(* Let $\mathcal{M}$ be an MDP (a stochastic game in which only one player has vertices) with vertex set $V$ and a priority function $\Omega_1:V\to\mathbb{N}$, and let $\psi=\mathsf{Parity}(\Omega_1)$. Suppose $\mathsf{Pr}_v^{\sigma}(\psi)=1$ for all vertices $v\in V$ and all strategies $\sigma$ of the player. Let $p$ be an odd priority in the range of $\Omega_1$. Then for every $\epsilon>0$ there exists $N_\epsilon\in\mathbb{N}$ such that for all strategies $\sigma$ and all vertices $v$, $\mathsf{Pr}_v^{\sigma}(\mathsf{Unlucky}(p,N_\epsilon))<\epsilon$.
   Context: A stochastic game $\langle V,(V_1,V_2,V_\Diamond),E,\delta\rangle$ has a finite vertex set $V$ partitioned into Player-1, Player-2 and probabilistic vertices, an edge set $E\subseteq V\times V$ in which every vertex has at least one successor, and $\delta:V_\Diamond\to\mathcal{D}(V)$ giving for each probabilistic vertex a probability distribution whose support is exactly its set of successors. An MDP is a stochastic game where one of $V_1,V_2$ is empty. A play is an infinite path; a strategy for Player $i$ maps each history (finite path) ending in a $V_i$ vertex to a successor of its last vertex. $\mathsf{Pr}_v^{\sigma}$ denotes the induced probability measure on plays from $v$. $\mathsf{Parity}(\Omega)$ is the set of plays $v_0v_1\dots$ with $\limsup_j\Omega(v_j)$ even. For a play $\rho$, $\pi_{\Omega_1\ge p}(\rho)$ is the sequence $\Omega_1(\rho)$ with all priorities smaller than $p$ removed. $\mathsf{Unlucky}(p,N)$ is the set of plays $\rho$ such that the first $N$ elements of $\pi_{\Omega_1\ge p}(\rho)$ exist and are all equal to $p$ (i.e. at least $N$ priorities $\ge p$ occur and the first $N$ of them equal $p$). *)

theory Defs
  imports "HOL-Probability.Probability"
begin

text \<open>Markov decision processes (stochastic games with only one player) over a finite
  vertex type 'v (so V = UNIV).  V1 are the player's vertices, all other vertices are
  probabilistic; E is the edge relation and delta the distributions at probabilistic vertices.\<close>

definition mdp :: "('v::finite \<times> 'v) set \<Rightarrow> 'v set \<Rightarrow> ('v \<Rightarrow> 'v pmf) \<Rightarrow> bool" where
  "mdp E V1 \<delta> \<longleftrightarrow>
     (\<forall>u. \<exists>w. (u, w) \<in> E) \<and>
     (\<forall>u. u \<notin> V1 \<longrightarrow> set_pmf (\<delta> u) = {w. (u, w) \<in> E})"

definition history :: "('v \<times> 'v) set \<Rightarrow> 'v list \<Rightarrow> bool" where
  "history E h \<longleftrightarrow> h \<noteq> [] \<and> (\<forall>i. Suc i < length h \<longrightarrow> (h ! i, h ! Suc i) \<in> E)"

text \<open>A strategy maps each history ending in a player vertex to a successor of its last vertex
  (its values on other lists are irrelevant).\<close>
definition strategy :: "('v \<times> 'v) set \<Rightarrow> 'v set \<Rightarrow> ('v list \<Rightarrow> 'v) \<Rightarrow> bool" where
  "strategy E V1 \<sigma> \<longleftrightarrow> (\<forall>h. history E h \<and> last h \<in> V1 \<longrightarrow> (last h, \<sigma> h) \<in> E)"

text \<open>One-step kernel: given the first i vertices of the play, the distribution of vertex i.\<close>
definition step_kernel ::
  "'v set \<Rightarrow> ('v \<Rightarrow> 'v pmf) \<Rightarrow> ('v list \<Rightarrow> 'v) \<Rightarrow> 'v \<Rightarrow> nat \<Rightarrow> (nat \<Rightarrow> 'v) \<Rightarrow> 'v measure" where
  "step_kernel V1 \<delta> \<sigma> v i \<omega> = measure_pmf
     (if i = 0 then return_pmf v
      else (let h = map \<omega> [0..<i] in
            if last h \<in> V1 then return_pmf (\<sigma> h) else \<delta> (last h)))"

▸ **Exercise**
Quote, without any change, each line from the one that contains "(\<forall>u. \<exists>w. (u, w)" through the end of the material.

▸ **Solution for this exercise**
     (\<forall>u. \<exists>w. (u, w) \<in> E) \<and>
     (\<forall>u. u \<notin> V1 \<longrightarrow> set_pmf (\<delta> u) = {w. (u, w) \<in> E})"

definition history :: "('v \<times> 'v) set \<Rightarrow> 'v list \<Rightarrow> bool" where
  "history E h \<longleftrightarrow> h \<noteq> [] \<and> (\<forall>i. Suc i < length h \<longrightarrow> (h ! i, h ! Suc i) \<in> E)"

text \<open>A strategy maps each history ending in a player vertex to a successor of its last vertex
  (its values on other lists are irrelevant).\<close>
definition strategy :: "('v \<times> 'v) set \<Rightarrow> 'v set \<Rightarrow> ('v list \<Rightarrow> 'v) \<Rightarrow> bool" where
  "strategy E V1 \<sigma> \<longleftrightarrow> (\<forall>h. history E h \<and> last h \<in> V1 \<longrightarrow> (last h, \<sigma> h) \<in> E)"

text \<open>One-step kernel: given the first i vertices of the play, the distribution of vertex i.\<close>
definition step_kernel ::
  "'v set \<Rightarrow> ('v \<Rightarrow> 'v pmf) \<Rightarrow> ('v list \<Rightarrow> 'v) \<Rightarrow> 'v \<Rightarrow> nat \<Rightarrow> (nat \<Rightarrow> 'v) \<Rightarrow> 'v measure" where
  "step_kernel V1 \<delta> \<sigma> v i \<omega> = measure_pmf
     (if i = 0 then return_pmf v
      else (let h = map \<omega> [0..<i] in
            if last h \<in> V1 then return_pmf (\<sigma> h) else \<delta> (last h)))"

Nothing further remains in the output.